Packet loss probability estimation with a Kalman filter approach

Provisioning QoS enabled MPLS VPN services in IP networks has attracted a lot of attention due to the high Return on Investment (ROI). In spite of considerable research effort, no practical solution to this problem has been found One of the main issues to be solved is to estimate the Packet Loss Probability (PLP) accurately and effectively based on the input stochastic traffic process. Inspired by the Large Deviation Theory (LDT), two types of asymptotes loss estimators have been studied in the practical MPLS VPN networks: the Large Buffer Estimator (LBE) and the Aggregate Traffic Estimator (ATE). In both of the estimators, the traffic mean and variance have to be estimated as much as accurately possible. Clearly, tracking of the traffic mean and variance is central in the estimators.
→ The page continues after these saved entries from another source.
(* Let $\mathcal{D}$ be a symmetric operator on a Hilbert space $\mathcal{H}$, and suppose there exists an adequate approximate identity for $\mathcal{D}$. Then $\mathcal{D}$ is essentially self-adjoint.
   Context: A sequential approximate identity on a Hilbert $B$-module $E$ (here $B=\mathbb{C}$, $E=\mathcal{H}$) is a sequence of self-adjoint operators $\phi_k\in\mathrm{End}_B(E)$, $k\in\mathbb{N}$, converging strongly to the identity on $E$. For a symmetric operator $\mathcal{D}$ on $E$, an adequate approximate identity for $\mathcal{D}$ is a sequential approximate identity $\{\phi_k\}$ such that $\phi_k\cdot\mathrm{Dom}\,\mathcal{D}^*\subset\mathrm{Dom}\,\bar{\mathcal{D}}$, $[\bar{\mathcal{D}},\phi_k]$ is bounded on $\mathrm{Dom}\,\mathcal{D}$ for all $k$, and $\sup_k\|\overline{[\bar{\mathcal{D}},\phi_k]}\|<\infty$. *)

theory Defs
  imports "HOL-Analysis.Analysis"
begin

class scaleC = scaleR +
  fixes scaleC :: "complex \<Rightarrow> 'a \<Rightarrow> 'a"
  assumes scaleR_scaleC: "scaleR r = scaleC (complex_of_real r)"

class complex_vector = scaleC + real_vector +
  assumes scaleC_add_right: "scaleC a (x + y) = scaleC a x + scaleC a y"
    and scaleC_add_left: "scaleC (a + b) x = scaleC a x + scaleC b x"
    and scaleC_scaleC: "scaleC a (scaleC b x) = scaleC (a * b) x"
    and scaleC_one: "scaleC 1 x = x"

class complex_inner = complex_vector + real_normed_vector +
  fixes cinner :: "'a \<Rightarrow> 'a \<Rightarrow> complex"
  assumes cinner_commute: "cinner x y = cnj (cinner y x)"
    and cinner_add_left: "cinner (x + y) z = cinner x z + cinner y z"
    and cinner_scaleC_left: "cinner (scaleC r x) y = cnj r * cinner x y"
    and cinner_nonneg: "0 \<le> Re (cinner x x)"
    and cinner_eq_zero_iff: "cinner x x = 0 \<longleftrightarrow> x = 0"
    and norm_eq_sqrt_cinner: "norm x = sqrt (Re (cinner x x))"

section \<open>Unbounded operators, given as a domain S and a map T\<close>

definition csubspace :: "'a::complex_vector set \<Rightarrow> bool" where
  "csubspace S \<longleftrightarrow> 0 \<in> S \<and> (\<forall>x\<in>S. \<forall>y\<in>S. x + y \<in> S) \<and> (\<forall>c. \<forall>x\<in>S. scaleC c x \<in> S)"

definition clinear_on :: "'a::complex_vector set \<Rightarrow> ('a \<Rightarrow> 'b::complex_vector) \<Rightarrow> bool" where
  "clinear_on S T \<longleftrightarrow> csubspace S \<and> (\<forall>x\<in>S. \<forall>y\<in>S. T (x + y) = T x + T y)
     \<and> (\<forall>c. \<forall>x\<in>S. T (scaleC c x) = scaleC c (T x))"

definition symmetric_op :: "'a::complex_inner set \<Rightarrow> ('a \<Rightarrow> 'a) \<Rightarrow> bool" where
  "symmetric_op S T \<longleftrightarrow> clinear_on S T \<and> closure S = UNIV
     \<and> (\<forall>x\<in>S. \<forall>y\<in>S. cinner (T x) y = cinner x (T y))"

definition adj_dom :: "'a::complex_inner set \<Rightarrow> ('a \<Rightarrow> 'a) \<Rightarrow> 'a set" where
  "adj_dom S T = {y. \<exists>z. \<forall>x\<in>S. cinner (T x) y = cinner x z}"

definition adj_op :: "'a::complex_inner set \<Rightarrow> ('a \<Rightarrow> 'a) \<Rightarrow> 'a \<Rightarrow> 'a" where
  "adj_op S T y = (SOME z. \<forall>x\<in>S. cinner (T x) y = cinner x z)"

text \<open>Closure of an operator: closure of its graph (meaningful for closable operators).\<close>
definition graph_op :: "'a set \<Rightarrow> ('a \<Rightarrow> 'b) \<Rightarrow> ('a \<times> 'b) set" where
  "graph_op S T = {(x, T x) | x. x \<in> S}"

definition closure_dom :: "'a::complex_inner set \<Rightarrow> ('a \<Rightarrow> 'a) \<Rightarrow> 'a set" where
  "closure_dom S T = fst ` closure (graph_op S T)"

definition closure_op :: "'a::complex_inner set \<Rightarrow> ('a \<Rightarrow> 'a) \<Rightarrow> 'a \<Rightarrow> 'a" where
  "closure_op S T x = (THE z. (x, z) \<in> closure (graph_op S T))"

definition self_adjoint_op :: "'a::complex_inner set \<Rightarrow> ('a \<Rightarrow> 'a) \<Rightarrow> bool" where
  "self_adjoint_op S T \<longleftrightarrow> clinear_on S T \<and> closure S = UNIV
     \<and> adj_dom S T = S \<and> (\<forall>x\<in>S. adj_op S T x = T x)"

definition ess_self_adjoint :: "'a::complex_inner set \<Rightarrow> ('a \<Rightarrow> 'a) \<Rightarrow> bool" where
  "ess_self_adjoint S T \<longleftrightarrow> self_adjoint_op (closure_dom S T) (closure_op S T)"

text \<open>Bounded self-adjoint operators on the whole space (End_B(E) with B = C).\<close>
definition bounded_selfadj :: "('a::complex_inner \<Rightarrow> 'a) \<Rightarrow> bool" where
  "bounded_selfadj A \<longleftrightarrow> clinear_on UNIV A \<and> (\<exists>K. \<forall>x. norm (A x) \<le> K * norm x)
     \<and> (\<forall>x y. cinner (A x) y = cinner x (A y))"

definition seq_approx_identity :: "(nat \<Rightarrow> 'a::complex_inner \<Rightarrow> 'a) \<Rightarrow> bool" where
  "seq_approx_identity \<phi> \<longleftrightarrow> (\<forall>k. bounded_selfadj (\<phi> k)) \<and> (\<forall>x. (\<lambda>k. \<phi> k x) \<longlonglongrightarrow> x)"

text \<open>The commutator [closure D, phi_k] is evaluated on Dom D;
  the closure of a bounded densely defined operator has the same norm, so "bounded for each k
  with uniformly bounded closure norms" is expressed by a single uniform constant C.\<close>
definition adequate_approx_identity ::
    "'a::complex_inner set \<Rightarrow> ('a \<Rightarrow> 'a) \<Rightarrow> (nat \<Rightarrow> 'a \<Rightarrow> 'a) \<Rightarrow> bool" where
  "adequate_approx_identity S T \<phi> \<longleftrightarrow> seq_approx_identity \<phi>
     \<and> (\<forall>k. \<phi> k ` adj_dom S T \<subseteq> closure_dom S T)
     \<and> (\<exists>C. \<forall>k. \<forall>x\<in>S. norm (closure_op S T (\<phi> k x) - \<phi> k (T x)) \<le> C * norm x)"

end

theory Submission
  imports Defs
begin

text \<open>Let \<open>y \<in> Dom D*\<close> with \<open>D* y = w\<close>. The vectors \<open>\<phi>\<^sub>k y\<close> lie in the domain of the closure
  \<open>D\<^sup>-\<close>, converge to \<open>y\<close>, and the identity
  \<open>\<langle>D\<^sup>- \<phi>\<^sub>k y, x\<rangle> = \<langle>\<phi>\<^sub>k w, x\<rangle> - \<langle>y, [D\<^sup>-, \<phi>\<^sub>k] x\<rangle>\<close> for \<open>x \<in> Dom D\<close> shows that
  \<open>D\<^sup>- \<phi>\<^sub>k y\<close> is bounded uniformly in \<open>k\<close> and converges weakly to \<open>w\<close>. The graph of \<open>D\<^sup>-\<close> is
  a closed subspace, hence weakly closed, so \<open>(y, w)\<close> lies in it: \<open>Dom D* \<subseteq> Dom D\<^sup>-\<close>.
  A symmetric operator whose adjoint has no larger domain is self-adjoint, which applied to
  \<open>D\<^sup>-\<close> (using \<open>Dom D\<^sup>-* \<subseteq> Dom D*\<close>) gives the theorem.\<close>

section \<open>Complex inner product spaces\<close>

lemma cinner_add_right: "cinner x (y + z) = cinner x y + cinner x z"
  for x y z :: "'a::complex_inner"
proof -
  have "cinner x (y + z) = cnj (cinner (y + z) x)" by (rule cinner_commute)
  also have "\<dots> = cnj (cinner y x) + cnj (cinner z x)" by (simp add: cinner_add_left)
  finally show ?thesis by (simp flip: cinner_commute)
qed

lemma cinner_scaleC_right: "cinner x (scaleC r y) = r * cinner x y"
  for x y :: "'a::complex_inner"
proof -
  have "cinner x (scaleC r y) = cnj (cinner (scaleC r y) x)" by (rule cinner_commute)
  also have "\<dots> = r * cnj (cinner y x)" by (simp add: cinner_scaleC_left)
  finally show ?thesis by (simp flip: cinner_commute)
qed
text \<open>The empty table belongs to every closed class and contributes the value 0 to every set
  \<open>Hset \<psi> k A n\<close>; these sets grow with \<open>n\<close>, which gives monotonicity and, since
  \<open>\<psi>\<^sup>a(T) = 0\<close> forces a single-leaf tree, the value at 0.
  If \<open>\<psi>\<^sup>d\<close> is unbounded on \<open>A\<close>, take \<open>D = {n. n \<le> \<H>(n)}\<close>: every table with a
  deterministic tree has \<open>\<psi>\<^sup>a(T) \<le> \<psi>\<^sup>d(T) \<le> \<H>(\<psi>\<^sup>a(T))\<close>, so \<open>\<psi>\<^sup>a(T) \<in> D\<close>; a bound on
  \<open>D\<close> would therefore bound \<open>\<psi>\<^sup>d\<close>. Monotonicity of \<open>\<H>\<close> then gives \<open>H\<^sub>D \<le> \<H>\<close>.\<close>

lemma node_path_Leaf_iff: "node_path (Leaf x) w d \<longleftrightarrow> w = [] \<and> d = x"
  by (auto elim: node_path.cases intro: node_path.intros)

lemma finite_node_paths: "finite {(w, d). node_path t w d}"
proof (induction t)
  case (Leaf x)
  then show ?case by (simp add: node_path_Leaf_iff)
next
  case (Node a cs)
  let ?ext = "\<lambda>p. (\<lambda>(w, d). ((a, fst p) # w, d)) ` {(w, d). node_path (snd p) w d}"
  have "{(w, d). node_path (Node a cs) w d} \<subseteq> (\<Union>p\<in>set cs. ?ext p)"
  proof clarify
    fix w d assume "node_path (Node a cs) w d"
    then obtain \<delta> t w' where "w = (a, \<delta>) # w'" "(\<delta>, t) \<in> set cs" "node_path t w' d"
      by (cases rule: node_path.cases) auto
    then show "(w, d) \<in> (\<Union>p\<in>set cs. ?ext p)" by force
  qed
  moreover have "finite (\<Union>p\<in>set cs. ?ext p)"
    using Node.IH by (force intro: finite_UN_I)
  ultimately show ?case by (rule finite_subset)
qed

lemma finite_complete_paths: "finite (complete_paths ts)"
proof -
  have "complete_paths ts = (\<Union>t\<in>set ts. {(w, d). node_path t w d})"
    unfolding complete_paths_def by auto
  then show ?thesis by (simp add: finite_node_paths)
qed

lemma psi_le_tree_cost:
  "p \<in> complete_paths ts \<Longrightarrow> \<psi> (map fst (fst p)) \<le> tree_cost \<psi> ts"
  unfolding tree_cost_def by (intro Max_ge) (simp_all add: finite_complete_paths)

lemma wf_node_nondet: "wf_node k True S t \<Longrightarrow> wf_node k False S t"
  by (induction rule: wf_node.induct) (auto intro: wf_node.intros)

lemma is_tree_for_nondet: "is_tree_for k True T ts \<Longrightarrow> is_tree_for k False T ts"
  unfolding is_tree_for_def ktree_wf_def using wf_node_nondet by blast

lemma psi_a_le_psi_d:
  assumes "is_tree_for k True T ts"
  shows "psi_a \<psi> k T \<le> psi_d \<psi> k T"
proof -
  let ?Sd = "{tree_cost \<psi> ts | ts. is_tree_for k True T ts}"
  let ?Sa = "{tree_cost \<psi> ts | ts. is_tree_for k False T ts}"
  have "Inf ?Sd \<in> ?Sa"
    using Inf_nat_def1[of ?Sd] assms is_tree_for_nondet by blast
  then have "Inf ?Sa \<le> Inf ?Sd" by (rule cInf_lower) simp
  then show ?thesis unfolding psi_a_def psi_d_def by simp
qed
In this paper a Kalman filter is applied to optimally recursive estimate the traffic mean and variance. Kalman filter is a general method for the optimal estimation of a noisy measurement, using the estimation error obtained from the past measurement to fix the one-step prediction. The algorithm runs recursively and is applicable for the on-line application. A series of experiments evaluate its performance oil the live NCIT*net2 network under different traffic arrival models and different buffer sizes. The numeric results verify the effectiveness of the algorithm.